Okay, given the examples you provided for @cpetterborg above, and your statement that only the 3 mentioned keywords above could mark the end fo your event, a RegEx that would match looks like this:

 rex field=data "reason=\"(?<reason>.*)\".(?:appName|ERServer|ClientBob)"

You can add more delimiting keywords in the second (non-capturing) group, seperated by pipes. Keep in mind however that this is quite an "expensive" regex, which could signifcantly impact your search performance. Bot in your case it might be the only way to achive what you need!

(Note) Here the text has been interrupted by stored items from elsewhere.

lemma length_cell_base:
  assumes "2 \<le> L"
  shows "i \<in> Idx L n \<Longrightarrow> length (cell_base L n v i) = n"
proof (induction n arbitrary: v i)
  case 0
  show ?case by simp
next
  case (Suc n)
  let ?D = "level_labels L n (cell_base L n (take (2 * n) v)) (v ! (2 * n))"
  have "infinite ?D"
    by (rule infinite_level_labels[OF assms Suc.IH])
  then have "?D \<noteq> {}" by auto
  then have "from_nat_into ?D (v ! Suc (2 * n)) \<in> ?D" by (rule from_nat_into)
  with Suc.prems show ?case by (auto simp: level_labels_def)
qed

lemma cell_base_Suc_append:
  "length v = 2 * n \<Longrightarrow>
     cell_base L (Suc n) (v @ [m, l]) = from_nat_into (level_labels L n (cell_base L n v) m) l"
  by (simp add: nth_append)
lemma admissible_div_locally_chi_square:
  assumes adm: "admissible_div d \<alpha>" and A: "A \<in> pdists" "\<forall>x. 0 < A x"
  shows "0 < \<alpha>" "locally_ge_chi_square d A \<alpha>" "locally_le_chi_square d A \<alpha>"
proof -
  have "0 < \<alpha> \<and> locally_ge_chi_square d A \<alpha> \<and> locally_le_chi_square d A \<alpha>"
    using adm unfolding admissible_div_def
  proof (elim disjE exE conjE)
    assume \<alpha>: "0 < \<alpha>" and d: "d = renyi_div \<alpha>"
    show ?thesis
    proof (cases "\<alpha> = 1")
      case True
      then have "d = KL" by (auto simp: d renyi_div_def fun_eq_iff)
      then show ?thesis using KL_locally_chi_square[OF A] True by simp
    next
      case False
      then show ?thesis
        using renyi_locally_ge_chi_square[OF A \<alpha> False] renyi_locally_le_chi_square[OF A \<alpha> False] \<alpha> d
        by simp
    qed
  next
    fix f f' f''
    assume "convex_on {0..} f" "f 1 = 0"
      and "\<forall>t>0. (f has_real_derivative f' t) (at t) \<and> (f' has_real_derivative f'' t) (at t)"
      and \<alpha>: "\<alpha> = f'' 1" "0 < \<alpha>" and d: "d = f_div f"
    then interpret convex_generator f f' f'' by unfold_locales auto
    show ?thesis using f_div_locally_chi_square[OF A] \<alpha> d by simp
  qed
  then show "0 < \<alpha>" "locally_ge_chi_square d A \<alpha>" "locally_le_chi_square d A \<alpha>" by auto
qed
(* Let $k$ be a field, $n\ge3$, $A=k[X_1,\dots,X_{n-1}]$ with $\deg X_i=1$, $\mathfrak m=(X_1,\dots,X_{n-1})$, $d\ge1$, $f_1,\dots,f_n\in A_d$ nonzero, $I=(f_1,\dots,f_n)$, and $h:k[T_1,\dots,T_n]\to A$, $T_i\mapsto f_i$. Suppose $I$ is of linear type outside $V(\mathfrak m)$, and let $\eta$ be an integer such that $H^0_{\mathfrak m}(\mathrm{Sym}_A(I))_\nu=0$ for all $\nu\ge\eta$. Then $\mathrm{ann}_{k[T_1,\dots,T_n]}(\mathrm{Sym}_A(I)_\nu)=\ker(h)$ for all $\nu\ge\eta$.
   Context: $\mathrm{Sym}_A(I)=A[T_1,\dots,T_n]/\ker\alpha$, where $\alpha(T_i)=f_i$ and $\ker\alpha$ is generated by the $\sum b_iT_i$ with $b_i\in A$, $\sum b_if_i=0$; it is bigraded, and $\mathrm{Sym}_A(I)_\nu$ denotes its component of degree $\nu$ with respect to the grading of $A$ (the image of $A_\nu[T_1,\dots,T_n]$), a $k[T_1,\dots,T_n]$-module. $H^0_{\mathfrak m}(N)$ is the submodule of elements annihilated by a power of $\mathfrak m$. $I$ is of linear type outside $V(\mathfrak m)$ if for every prime $\mathfrak p\not\supseteq\mathfrak m$, $\mathrm{Sym}_{A_{\mathfrak p}}(I_{\mathfrak p})\to\mathrm{Rees}_{A_{\mathfrak p}}(I_{\mathfrak p})$ is an isomorphism. *)

theory Defs
  imports Main "HOL-Library.Poly_Mapping"
begin

text \<open>Polynomials over a field 'k in the variables of type nat + nat:
  Inl i stands for X_(i+1) (i < n-1), Inr j stands for T_(j+1) (j < n).
  All rings of the statement (A, k[T], A[T]) are subrings of this one ring.\<close>

type_synonym 'k mpoly = "((nat + nat) \<Rightarrow>\<^sub>0 nat) \<Rightarrow>\<^sub>0 'k"

definition var :: "nat + nat \<Rightarrow> 'k::comm_ring_1 mpoly" where
  "var v = Poly_Mapping.single (Poly_Mapping.single v 1) 1"

definition vars_in :: "(nat + nat) set \<Rightarrow> 'k::comm_ring_1 mpoly set" where
  "vars_in V = {p. \<forall>m\<in>Poly_Mapping.keys p. Poly_Mapping.keys m \<subseteq> V}"

definition ringA :: "nat \<Rightarrow> 'k::comm_ring_1 mpoly set" where
  "ringA n = vars_in (Inl ` {..<n-1})"
definition ringT :: "nat \<Rightarrow> 'k::comm_ring_1 mpoly set" where
  "ringT n = vars_in (Inr ` {..<n})"
definition ringAT :: "nat \<Rightarrow> 'k::comm_ring_1 mpoly set" where
  "ringAT n = vars_in (Inl ` {..<n-1} \<union> Inr ` {..<n})"

definition degX :: "((nat + nat) \<Rightarrow>\<^sub>0 nat) \<Rightarrow> nat" where
  "degX m = (\<Sum>v\<in>Poly_Mapping.keys m. if isl v then Poly_Mapping.lookup m v else 0)"

definition compA :: "nat \<Rightarrow> nat \<Rightarrow> 'k::comm_ring_1 mpoly set" where
  "compA n d = {p \<in> ringA n. \<forall>m\<in>Poly_Mapping.keys p. degX m = d}"

definition compAT :: "nat \<Rightarrow> nat \<Rightarrow> 'k::comm_ring_1 mpoly set" where
  "compAT n \<nu> = {p \<in> ringAT n. \<forall>m\<in>Poly_Mapping.keys p. degX m = \<nu>}"

definition subst :: "(nat + nat \<Rightarrow> 'k::comm_ring_1 mpoly) \<Rightarrow> 'k mpoly \<Rightarrow> 'k mpoly" where
  "subst \<sigma> p = (\<Sum>m\<in>Poly_Mapping.keys p. Poly_Mapping.single 0 (Poly_Mapping.lookup p m) *
                     (\<Prod>v\<in>Poly_Mapping.keys m. \<sigma> v ^ Poly_Mapping.lookup m v))"

inductive_set ideal_gen :: "'a::comm_ring_1 set \<Rightarrow> 'a set \<Rightarrow> 'a set"
  for C :: "'a set" and S :: "'a set" where
  zero: "0 \<in> ideal_gen C S"
| step: "c \<in> C \<Longrightarrow> s \<in> S \<Longrightarrow> x \<in> ideal_gen C S \<Longrightarrow> c * s + x \<in> ideal_gen C S"

definition is_ideal :: "'a::comm_ring_1 set \<Rightarrow> 'a set \<Rightarrow> bool" where
  "is_ideal C P \<longleftrightarrow> P \<subseteq> C \<and> 0 \<in> P \<and> (\<forall>x\<in>P. \<forall>y\<in>P. x + y \<in> P)
      \<and> (\<forall>a\<in>C. \<forall>x\<in>P. a * x \<in> P)"

definition is_prime_ideal :: "'a::comm_ring_1 set \<Rightarrow> 'a set \<Rightarrow> bool" where
  "is_prime_ideal C P \<longleftrightarrow> is_ideal C P \<and> P \<noteq> C \<and>
      (\<forall>a\<in>C. \<forall>b\<in>C. a * b \<in> P \<longrightarrow> a \<in> P \<or> b \<in> P)"

definition idm :: "nat \<Rightarrow> 'k::comm_ring_1 mpoly set" where
  "idm n = ideal_gen (ringA n) {var (Inl i) | i. i < n - 1}"
definition idm_pow :: "nat \<Rightarrow> nat \<Rightarrow> 'k::comm_ring_1 mpoly set" where
  "idm_pow n t = ideal_gen (ringA n)
     {\<Prod>j<t. var (Inl (a j)) | a. \<forall>j<t. a j < n - 1}"

text \<open>ker alpha: ideal of A[T] generated by the linear forms sum b_i T_i with
  b_i in A and sum b_i f_i = 0;  Sym_A(I) = A[T] / symK.\<close>
definition symK :: "nat \<Rightarrow> (nat \<Rightarrow> 'k::comm_ring_1 mpoly) \<Rightarrow> 'k mpoly set" where
  "symK n f = ideal_gen (ringAT n)
     {(\<Sum>i<n. b i * var (Inr i)) | b. (\<forall>i<n. b i \<in> ringA n) \<and> (\<Sum>i<n. b i * f i) = 0}"

definition hmap :: "nat \<Rightarrow> (nat \<Rightarrow> 'k::comm_ring_1 mpoly) \<Rightarrow> 'k mpoly \<Rightarrow> 'k mpoly" where
  "hmap n f = subst (\<lambda>v. case v of Inl i \<Rightarrow> var (Inl i) | Inr j \<Rightarrow> f j)"

definition ker_h :: "nat \<Rightarrow> (nat \<Rightarrow> 'k::comm_ring_1 mpoly) \<Rightarrow> 'k mpoly set" where
  "ker_h n f = {g \<in> ringT n. hmap n f g = 0}"

text \<open>Kernel of A[T] -> Rees_A(I) = A[t] (t = var (Inr n), a fresh variable), T_i |-> f_i t.\<close>
definition reesJ :: "nat \<Rightarrow> (nat \<Rightarrow> 'k::comm_ring_1 mpoly) \<Rightarrow> 'k mpoly set" where
  "reesJ n f = {g \<in> ringAT n.
     subst (\<lambda>v. case v of Inl i \<Rightarrow> var (Inl i) | Inr j \<Rightarrow> f j * var (Inr n)) g = 0}"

View solution in original post

0 Karma

DMohn
Motivator

Okay, given the examples you provided for @cpetterborg above, and your statement that only the 3 mentioned keywords above could mark the end fo your event, a RegEx that would match looks like this:

 rex field=data "reason=\"(?<reason>.*)\".(?:appName|ERServer|ClientBob)"

You can add more delimiting keywords in the second (non-capturing) group, seperated by pipes. Keep in mind however that this is quite an "expensive" regex, which could signifcantly impact your search performance. Bot in your case it might be the only way to achive what you need!

0 Karma

Cbr1sg
Path Finder

This is exactly something I want, at least logically. However it doesn't work. Splunk only extract all the text between "reason=" and "appName"
But it ignores ERServer and ClientBob. Seems the "OR" statement is not recognized properly, is this a bug?

0 Karma

Cbr1sg
Path Finder

It works perfectly now after changing to this rex below, thanks a lot mate!

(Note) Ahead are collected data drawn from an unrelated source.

lemma ln_convex_comb_exp_loss:
  assumes w: "weights_ok w" and t: "1 \<le> t"
  shows "ln (\<Sum>T\<in>paths t. (mix_weight loss A w \<eta> y f t T / Wpre loss A w \<eta> y f t)
               * exp (- \<eta> t * loss (fA A y f (tau T t) t) (y t)))
         = ln (Wpost loss A w \<eta> y f t) - ln (Wpre loss A w \<eta> y f t)"
proof -
  obtain t' where t': "t = Suc t'" using t by (cases t) auto
  have "mix_weight loss A w \<eta> y f t T * exp (- \<eta> t * loss (fA A y f (tau T t) t) (y t))
          = w t T * exp (- \<eta> t * LA loss A y f t T)" for T
    by (simp add: mix_weight_def t' LA_Suc mult.assoc distrib_left flip: exp_add)
  hence "(\<Sum>T\<in>paths t. (mix_weight loss A w \<eta> y f t T / Wpre loss A w \<eta> y f t)
               * exp (- \<eta> t * loss (fA A y f (tau T t) t) (y t)))
         = Wpost loss A w \<eta> y f t / Wpre loss A w \<eta> y f t"
    by (simp add: Wpost_def sum_divide_distrib)
  thus ?thesis
    using Wpost_pos[OF w, of loss A \<eta> y f t] Wpre_pos[OF w, of loss A \<eta> y f t] by (simp add: ln_div)
qed

lemma fA_tau_in_domain:
  "\<lbrakk>valid_algorithm D A; \<forall>t\<ge>1. \<forall>i. f t i \<in> D; T \<in> paths t; 1 \<le> t\<rbrakk> \<Longrightarrow> fA A y f (tau T t) t \<in> D"
  using fA_in_domain tau_bounds by blast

| rex field=_raw "reason=\"(?.*)(appName|ERServer|ClientBob)"

vinod94
Contributor

You can try this,

your index | rex field=_raw "reason\=.(?P<field_name>[^\.]\w+)"
0 Karma

Cbr1sg
Path Finder

Thanks for the help mate, but it doesn't work for me. It only extracts single word after "reason="

0 Karma

DMohn
Motivator

If the first and last charakter for the reason field always will be a double quote and contains no equal-sign, you could try to use a greedy match like this:

rex field=data "reason=\"(?<reason>.*)\"\S+="

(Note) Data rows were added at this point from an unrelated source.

(* Let $H$ be an infinite-dimensional separable complex Hilbert space and let $A \in C([0,1],L(H))$. Then there exist mutually orthogonal infinite-dimensional closed subspaces $M_k\subset H$, $k\in\mathbb N$, such that \[ W_e\bigl(P_{M_k}A(t){\upharpoonright}_{M_k}\bigr)=W_e(A(t)) \] for all $k\in\mathbb N$ and $t\in[0,1]$.
   Context: $P_M$ is the orthogonal projection onto $M$ and $A{\upharpoonright}_M$ the restriction to $M$, so $P_MA{\upharpoonright}_M\in L(M)$. For $T\in L(K)$ on an infinite-dimensional Hilbert space $K$, the essential numerical range $W_e(T)$ is the set of all $\lambda\in\mathbb C$ for which there is an orthonormal sequence $(u_n)$ in $K$ with $\langle Tu_n,u_n\rangle\to\lambda$. *)

theory Defs
  imports "HOL-Analysis.Analysis"
begin

text \<open>The HOL distribution has no complex inner product
spaces, so we introduce the class of complex Hilbert spaces: a real Banach space
carrying a complex scalar multiplication (extending the real one) and a complex
inner product, linear in the first argument, conjugate symmetric, and inducing the norm.\<close>

class chilbert = banach +
  fixes scaleC :: "complex \<Rightarrow> 'a \<Rightarrow> 'a"
    and cinner :: "'a \<Rightarrow> 'a \<Rightarrow> complex"
  assumes scaleC_add_right: "scaleC c (x + y) = scaleC c x + scaleC c y"
    and scaleC_add_left: "scaleC (c + d) x = scaleC c x + scaleC d x"
    and scaleC_scaleC: "scaleC c (scaleC d x) = scaleC (c * d) x"
    and scaleC_one: "scaleC 1 x = x"
    and scaleR_scaleC: "scaleR r x = scaleC (complex_of_real r) x"
    and cinner_add_left: "cinner (x + y) z = cinner x z + cinner y z"
    and cinner_scaleC_left: "cinner (scaleC c x) y = c * cinner x y"
    and cinner_commute: "cinner y x = cnj (cinner x y)"
    and cinner_nonneg: "0 \<le> Re (cinner x x)"
    and norm_cinner: "norm x = sqrt (Re (cinner x x))"

definition cspan :: "'a::chilbert set \<Rightarrow> 'a set" where
  "cspan F = {(\<Sum>x\<in>S. scaleC (c x) x) | S c. finite S \<and> S \<subseteq> F}"

definition csubspace :: "'a::chilbert set \<Rightarrow> bool" where
  "csubspace M \<longleftrightarrow> 0 \<in> M \<and> (\<forall>x\<in>M. \<forall>y\<in>M. x + y \<in> M) \<and> (\<forall>c. \<forall>x\<in>M. scaleC c x \<in> M)"

definition inf_dim :: "'a::chilbert set \<Rightarrow> bool" where
  "inf_dim M \<longleftrightarrow> (\<forall>F. finite F \<and> F \<subseteq> M \<longrightarrow> cspan F \<noteq> M)"

definition separable_space :: "'a::metric_space itself \<Rightarrow> bool" where
  "separable_space _ \<longleftrightarrow> (\<exists>D::'a set. countable D \<and> closure D = UNIV)"

text \<open>Bounded complex-linear operators are the elements of type 'a \<Rightarrow>L 'a
(bounded real-linear maps) which are in addition complex linear.\<close>
definition clinear_op :: "('a::chilbert \<Rightarrow>\<^sub>L 'a) \<Rightarrow> bool" where
  "clinear_op T \<longleftrightarrow> (\<forall>c x. blinfun_apply T (scaleC c x) = scaleC c (blinfun_apply T x))"

definition orthonormal_seq :: "(nat \<Rightarrow> 'a::chilbert) \<Rightarrow> bool" where
  "orthonormal_seq u \<longleftrightarrow> (\<forall>n m. cinner (u n) (u m) = (if n = m then 1 else 0))"

definition cproj :: "'a::chilbert set \<Rightarrow> 'a \<Rightarrow> 'a" where
  "cproj M x = (THE y. y \<in> M \<and> (\<forall>z\<in>M. cinner (x - y) z = 0))"

text \<open>Essential numerical range of an operator T on the (infinite-dimensional)
Hilbert space K (a closed subspace of H); only the values of T on K matter.\<close>
definition ess_numrange :: "'a::chilbert set \<Rightarrow> ('a \<Rightarrow> 'a) \<Rightarrow> complex set" where
  "ess_numrange K T = {l. \<exists>u. (\<forall>n. u n \<in> K) \<and> orthonormal_seq u \<and>
      (\<lambda>n. cinner (T (u n)) (u n)) \<longlonglongrightarrow> l}"

end

theory Submission
  imports Defs
begin

(* Enumerate a dense sequence (t_j, lambda_j) in the set of pairs with lambda_j in W_e(A(t_j)),
   which is separable as a subset of R x C. Any lambda in W_e(T) can be approximated by
   <T x, x> for unit vectors x orthogonal to a prescribed finite family, so one orthonormal
   sequence v can be chosen inductively such that, for n = <k, <j, i>>, the value
   <A(t_j) v_n, v_n> lies within 1/(i+1) of lambda_j. Hence the closed span M_k of the k-th
   block of v has lambda_j in W_e(A(t_j)) restricted to M_k for every j. The set of pairs
   (T, lambda) with lambda in W_e(T) restricted to M_k is closed and A is continuous, which
   extends this to all t; compressing by P_{M_k} does not change <T u, u> for u in M_k. *)

interpretation cvs: vector_space "scaleC :: complex \<Rightarrow> 'a::chilbert \<Rightarrow> 'a"
  by unfold_locales (auto simp: scaleC_add_right scaleC_add_left scaleC_scaleC scaleC_one)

This reges will try to match as many charakters as possible until the last double-quote which then is followed by non-whitespace-chars and a equal-sign.

For my set of test data this worked perfectly, even if the reason contained one or more commas, semicolons or double quotes.

0 Karma

Cbr1sg
Path Finder

I' m really really sorry, the text i want to extract also contains equal sign so this won't work as well. My bad, my description about the issue was not clear enough. I updated original post with full range of character that might be included in the text i want to extract

0 Karma

cpetterborg
SplunkTrust
SplunkTrust

Here is a run anywhere search that shows the rex command that will pick out the field as you have provided the data for in your question:

| makeresults | 
eval data="reason=\"abc\";appName=....
 reason=\"xyz\";ERServer=...
 reason=\"dfg\",ClientBob=..." | 
 makemv delim="
 " data | 
 rex field=data "reason=\"(?<reason>[^\"]*)"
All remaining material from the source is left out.